A escalada de conflitos vem com muita facilidade, enquanto a negociação requer sabedoria e força de vontade. Os membros da ONU estão profundamente divididos em seus entendimentos sobre o conflito, mas devem estar completamente unidos por seu interesse compartilhado em um cessar-fogo imediato, interromper os ataques a civis e retornar à paz. A guerra está causando mortes horríveis e destruição assombrosa – centenas de bilhões de dólares em danos às cidades da Ucrânia, que foram reduzidas a escombros em poucas semanas – e um caos econômico crescente em todo o mundo: preços crescentes e escassez de alimentos, milhões de refugiados, colapso de comércio global e cadeias de suprimentos, e a crescente instabilidade política em todo o mundo, atingindo as nações e famílias mais pobres com cargas devastadoras.

O Conselho de Segurança da ONU (CSNU) tem a responsabilidade sagrada do mundo de manter a paz. Alguns dizem que o CSNU não pode desempenhar esse papel com a Rússia no Conselho de Segurança. No entanto, essa visão está completamente equivocada. O CSNU pode assegurar a paz precisamente porque Rússia, China, Estados Unidos, França e Reino Unido são todos membros permanentes. Esses cinco membros permanentes, juntamente com os outros dez membros do CSNU, devem negociar entre si para encontrar um caminho a seguir que preserve a integridade territorial da Ucrânia, atendendo às necessidades de segurança da Ucrânia, Rússia e, de fato, dos outros 191 estados membros da ONU. .

Aplaudimos os esforços ousados ​​e criativos do presidente Tayyip Erdogan da Turquia para ajudar as duas partes a chegar a um acordo, mas lamentamos a falta de negociações diretas no Conselho de Segurança da ONU. Não estamos pedindo mais frases de efeito em que diplomatas lançam injúrias uns aos outros. Apelamos a verdadeiras negociações guiadas pela Carta das Nações Unidas. Estamos falando de paz por meio do estado de direito da ONU, não por meio de poder, ameaças e alianças militares divisórias.

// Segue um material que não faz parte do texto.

lemma first_integral_along_scaled_solutions:
  assumes fi: "first_integral_on (cournot_field \<alpha> \<epsilon> f) I (ball 0 r)" and r: "0 < r"
  obtains h K X where "0 < h"
    "\<And>t. t \<in> {0..h} \<Longrightarrow> \<forall>\<^sub>F s in at_right 0. norm (X s t - s *\<^sub>R linear_flow f t v) \<le> s\<^sup>2
        \<and> norm (X s t) \<le> K * s \<and> I (X s t) = I (s *\<^sub>R v)"
proof -
  obtain h X where h: "0 < h" "h \<le> 1" and X0: "\<And>s. 0 < s \<Longrightarrow> s \<le> 1 \<Longrightarrow> X s 0 = s *\<^sub>R v"
    and X_deriv: "\<And>s t. 0 < s \<Longrightarrow> s \<le> 1 \<Longrightarrow> t \<in> {0..h} \<Longrightarrow>
       (X s has_vector_derivative cournot_field \<alpha> \<epsilon> f (X s t)) (at t within {0..h})"
    and X_near: "\<And>s t. 0 < s \<Longrightarrow> s \<le> 1 \<Longrightarrow> t \<in> {0..h} \<Longrightarrow>
       norm (X s t - s *\<^sub>R linear_flow f t v) \<le> s\<^sup>2"
    using cournot_solutions_near_linear_flow by blast
  obtain E where E: "0 \<le> E" "\<And>t. t \<in> {0..1} \<Longrightarrow> norm (linear_flow f t v) \<le> E"
    using linear_flow_bounded[of f v] by blast
  have X_norm: "norm (X s t) \<le> (E + 1) * s" if s: "0 < s" "s \<le> 1" and t: "t \<in> {0..h}" for s t
  proof -
    have "norm (X s t) \<le> norm (s *\<^sub>R linear_flow f t v) + s\<^sup>2"
      using X_near[OF s t] norm_triangle_sub[of "X s t" "s *\<^sub>R linear_flow f t v"] by simp
    also have "\<dots> \<le> s * E + s * 1"
      using E(2)[of t] t h s by (intro add_mono) (auto simp: power2_eq_square mult_left_mono)
    finally show ?thesis
      by (simp add: algebra_simps)
  qed
  have X_const: "I (X s t) = I (s *\<^sub>R v)"
    if s: "0 < s" "s \<le> 1" "(E + 1) * s < r" and t: "t \<in> {0..h}" for s t
  proof -
    have "X s t' \<in> ball 0 r" if "t' \<in> {0..h}" for t'
      using X_norm[OF s(1,2) that] s(3) by simp
    then have "I (X s t) = I (X s 0)"
      by (intro first_integral_onD[OF fi is_interval_cc]) (use X_deriv[OF s(1,2)] t h(1) in auto)
    then show ?thesis
      using X0[OF s(1,2)] by simp
  qed
  show thesis
  proof (rule that[OF h(1)])
    fix t assume t: "t \<in> {0..h}"
    show "\<forall>\<^sub>F s in at_right 0. norm (X s t - s *\<^sub>R linear_flow f t v) \<le> s\<^sup>2
        \<and> norm (X s t) \<le> (E + 1) * s \<and> I (X s t) = I (s *\<^sub>R v)"
      using eventually_at_right_less[of 0] eventually_mult_less_at_right_0[OF zero_less_one, of 1]
        eventually_mult_less_at_right_0[OF r, of "E + 1"]
      by eventually_elim (use X_near X_norm X_const t in auto)
  qed
qed

section \<open>Power series in three variables\<close>

definition monomial3 :: "real^3 \<Rightarrow> nat \<times> nat \<times> nat \<Rightarrow> real" where
  "monomial3 q n = q $ 1 ^ fst n * q $ 2 ^ fst (snd n) * q $ 3 ^ snd (snd n)"

definition degree3 :: "nat \<times> nat \<times> nat \<Rightarrow> nat" where
  "degree3 n = fst n + fst (snd n) + snd (snd n)"

definition weighted_degree :: "real^3 \<Rightarrow> nat \<times> nat \<times> nat \<Rightarrow> real" where
  "weighted_degree f n = real (fst n) * f $ 1 + real (fst (snd n)) * f $ 2 + real (snd (snd n)) * f $ 3"

definition homogeneous_component :: "(nat \<times> nat \<times> nat \<Rightarrow> real) \<Rightarrow> nat \<Rightarrow> real^3 \<Rightarrow> real" where
  "homogeneous_component C m q = (\<Sum>n | degree3 n = m. C n * monomial3 q n)"

lemma analytic_on_ball0_has_sum_monomial3:
  assumes "analytic_on_ball0 I r"
  obtains C where "\<And>q. q \<in> ball 0 r \<Longrightarrow> ((\<lambda>n. C n * monomial3 q n) has_sum I q) UNIV"
proof -
  obtain c where c: "\<forall>q\<in>ball 0 r.
      ((\<lambda>(n1, n2, n3). c n1 n2 n3 * (q $ 1) ^ n1 * (q $ 2) ^ n2 * (q $ 3) ^ n3) has_sum I q) UNIV"
    using assms unfolding analytic_on_ball0_def by blast
  show thesis
    by (rule that[of "\<lambda>n. c (fst n) (fst (snd n)) (snd (snd n))"])
      (use c in \<open>simp add: monomial3_def split_def mult.assoc\<close>)
qed

lemma finite_degree3_le: "finite {n. degree3 n \<le> m}"
proof (rule finite_subset)
  show "{n. degree3 n \<le> m} \<subseteq> {..m} \<times> {..m} \<times> {..m}"
    by (auto simp: degree3_def)
qed simp

lemma finite_degree3_eq: "finite {n. degree3 n = m}"
  by (rule finite_subset[OF _ finite_degree3_le[of m]]) auto

lemma degree3_eq_0_iff: "degree3 n = 0 \<longleftrightarrow> n = (0, 0, 0)"
  by (cases n) (auto simp: degree3_def)

lemma degree3_0 [simp]: "degree3 (0, 0, 0) = 0"
  by (simp add: degree3_def)

lemma monomial3_0 [simp]: "monomial3 q (0, 0, 0) = 1"
  by (simp add: monomial3_def)

lemma monomial3_scaleR: "monomial3 (s *\<^sub>R q) n = s ^ degree3 n * monomial3 q n"
  by (simp add: monomial3_def degree3_def power_mult_distrib power_add)

lemma abs_monomial3_le: "\<bar>monomial3 q n\<bar> \<le> norm q ^ degree3 n"
proof -
  have "\<bar>monomial3 q n\<bar> = \<bar>q $ 1\<bar> ^ fst n * \<bar>q $ 2\<bar> ^ fst (snd n) * \<bar>q $ 3\<bar> ^ snd (snd n)"
    by (simp add: monomial3_def abs_mult power_abs)
  also have "\<dots> \<le> norm q ^ fst n * norm q ^ fst (snd n) * norm q ^ snd (snd n)"
    by (intro mult_mono power_mono component_le_norm_cart) auto
  finally show ?thesis
    by (simp add: degree3_def power_add)
qed

lemma monomial3_linear_flow:
  "monomial3 (linear_flow f t v) n = exp (weighted_degree f n * t) * monomial3 v n"
  by (simp add: monomial3_def linear_flow_def weighted_degree_def power_mult_distrib
      exp_of_nat_mult[symmetric] exp_add[symmetric] algebra_simps)

lemma power_series3_abs_convergent:
  assumes "0 < \<rho>" and "((\<lambda>n. C n * monomial3 (\<chi> i. \<rho>) n) has_sum S) UNIV"
  obtains A where "((\<lambda>n. \<bar>C n\<bar> * \<rho> ^ degree3 n) has_sum A) UNIV"
proof -
  have "monomial3 (\<chi> i. \<rho>) n = \<rho> ^ degree3 n" for n
    by (simp add: monomial3_def degree3_def power_add)
  then have "(\<lambda>n. C n * \<rho> ^ degree3 n) summable_on UNIV"
    using assms(2) by (auto simp: summable_on_def)
  then have "(\<lambda>n. \<bar>C n * \<rho> ^ degree3 n\<bar>) summable_on UNIV"
    using summable_on_iff_abs_summable_on_real[of "\<lambda>n. C n * \<rho> ^ degree3 n" UNIV] by simp
  then show thesis
    using that \<open>0 < \<rho>\<close> by (auto simp: summable_on_def abs_mult)
qed

lemma power_series3_tail_bound:
  assumes \<rho>: "0 < \<rho>" and q: "norm q \<le> \<rho>"
    and S: "((\<lambda>n. C n * monomial3 q n) has_sum S) UNIV"
    and A: "((\<lambda>n. \<bar>C n\<bar> * \<rho> ^ degree3 n) has_sum A) UNIV"
  shows "\<bar>S - (\<Sum>n | degree3 n \<le> m. C n * monomial3 q n)\<bar> \<le> A * (norm q / \<rho>) ^ (m + 1)"
proof -
  define T where "T = (\<Sum>n | degree3 n \<le> m. C n * monomial3 q n)"
  define H where "H n = (if degree3 n \<le> m then 0 else C n * monomial3 q n)" for n
  define \<theta> where "\<theta> = (norm q / \<rho>) ^ (m + 1)"
  have "((\<lambda>n. if degree3 n \<le> m then C n * monomial3 q n else 0) has_sum T) UNIV"
    by (rule has_sum_finite_neutralI[OF finite_degree3_le]) (auto simp: T_def)
  from has_sum_add[OF S has_sum_uminusI[OF this]]
  have H_sum: "(H has_sum (S - T)) UNIV"
    by (simp add: H_def[abs_def] if_distrib cong: if_cong)
  have "\<bar>H n\<bar> \<le> \<bar>C n\<bar> * \<rho> ^ degree3 n * \<theta>" for n
  proof (cases "degree3 n \<le> m")
    case False
    have "\<bar>monomial3 q n\<bar> \<le> \<rho> ^ degree3 n * (norm q / \<rho>) ^ degree3 n"
      using abs_monomial3_le[of q n] \<rho> by (simp add: power_divide)
    also have "\<dots> \<le> \<rho> ^ degree3 n * \<theta>"
      unfolding \<theta>_def using False q \<rho> by (intro mult_left_mono power_decreasing) auto
    finally show ?thesis
      using False by (simp add: H_def abs_mult mult_left_mono mult.assoc)
  qed (use \<rho> in \<open>simp add: H_def \<theta>_def\<close>)
  then have "S - T \<le> A * \<theta>" "- (S - T) \<le> A * \<theta>"
    using has_sum_mono[OF H_sum has_sum_cmult_left[OF A]]
      has_sum_mono[OF has_sum_uminusI[OF H_sum] has_sum_cmult_left[OF A]]
    by (auto simp: abs_le_iff)
  then show ?thesis
    by (simp add: T_def \<theta>_def abs_le_iff)
qed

Não deveríamos ter que lembrar as nações do mundo da fragilidade angustiante destes dias. A guerra ameaça aumentar a cada hora. E isso ocorre durante a pandemia de COVID-19 em andamento, que ceifa cerca de 5,000 vidas por dia. Mesmo agora, no terceiro ano da pandemia, o mundo falhou em fornecer doses de vacina para os pobres e vulneráveis ​​do mundo e falhou em grande parte por causa das tensões geopolíticas entre as nações produtoras de vacinas.

O deslocamento em massa de refugiados e o aumento da fome em todo o mundo devido à guerra na Ucrânia agora ameaçam uma onda ainda maior de doenças, morte e instabilidade e dificuldades financeiras mais profundas para as nações pobres. E espreitando por trás da guerra e da pandemia está a besta lenta da mudança climática induzida pelo homem, outro ai que puxa a humanidade para o precipício. O relatório mais recente do IPCC nos lembra que esgotamos a margem de segurança climática. Precisamos de ação climática imediata. No entanto, a guerra drena a atenção, a cooperação multilateral e o financiamento necessário para nos resgatar de nossa emergência climática provocada pelo homem.

Como educadores e líderes universitários, também reconhecemos nossas próprias responsabilidades para com nossos alunos. Devemos ensinar não apenas o conhecimento científico e técnico para alcançar o desenvolvimento sustentável, tão importante quanto esses tópicos são hoje, mas também os caminhos para a paz, resolução de problemas e resolução de conflitos. Devemos educar os jovens para que os jovens de hoje ganhem a sabedoria de respeitar a diversidade global e resolver disputas pacificamente, por meio de negociações e compromissos.

No espírito da Carta da ONU e da Declaração Universal dos Direitos Humanos, conclamamos todas as nações da Assembleia Geral da ONU, por unanimidade e sem exceção, a adotar uma resolução pedindo uma paz negociada urgente que atenda às necessidades e à segurança da Ucrânia, Rússia , e todas as outras nações.

Apelamos ao Conselho de Segurança da ONU para que se reúna em uma sessão de emergência, pelo tempo que for necessário, para garantir que todo o peso da Carta da ONU seja usado para acabar com a guerra na Ucrânia por meios diplomáticos.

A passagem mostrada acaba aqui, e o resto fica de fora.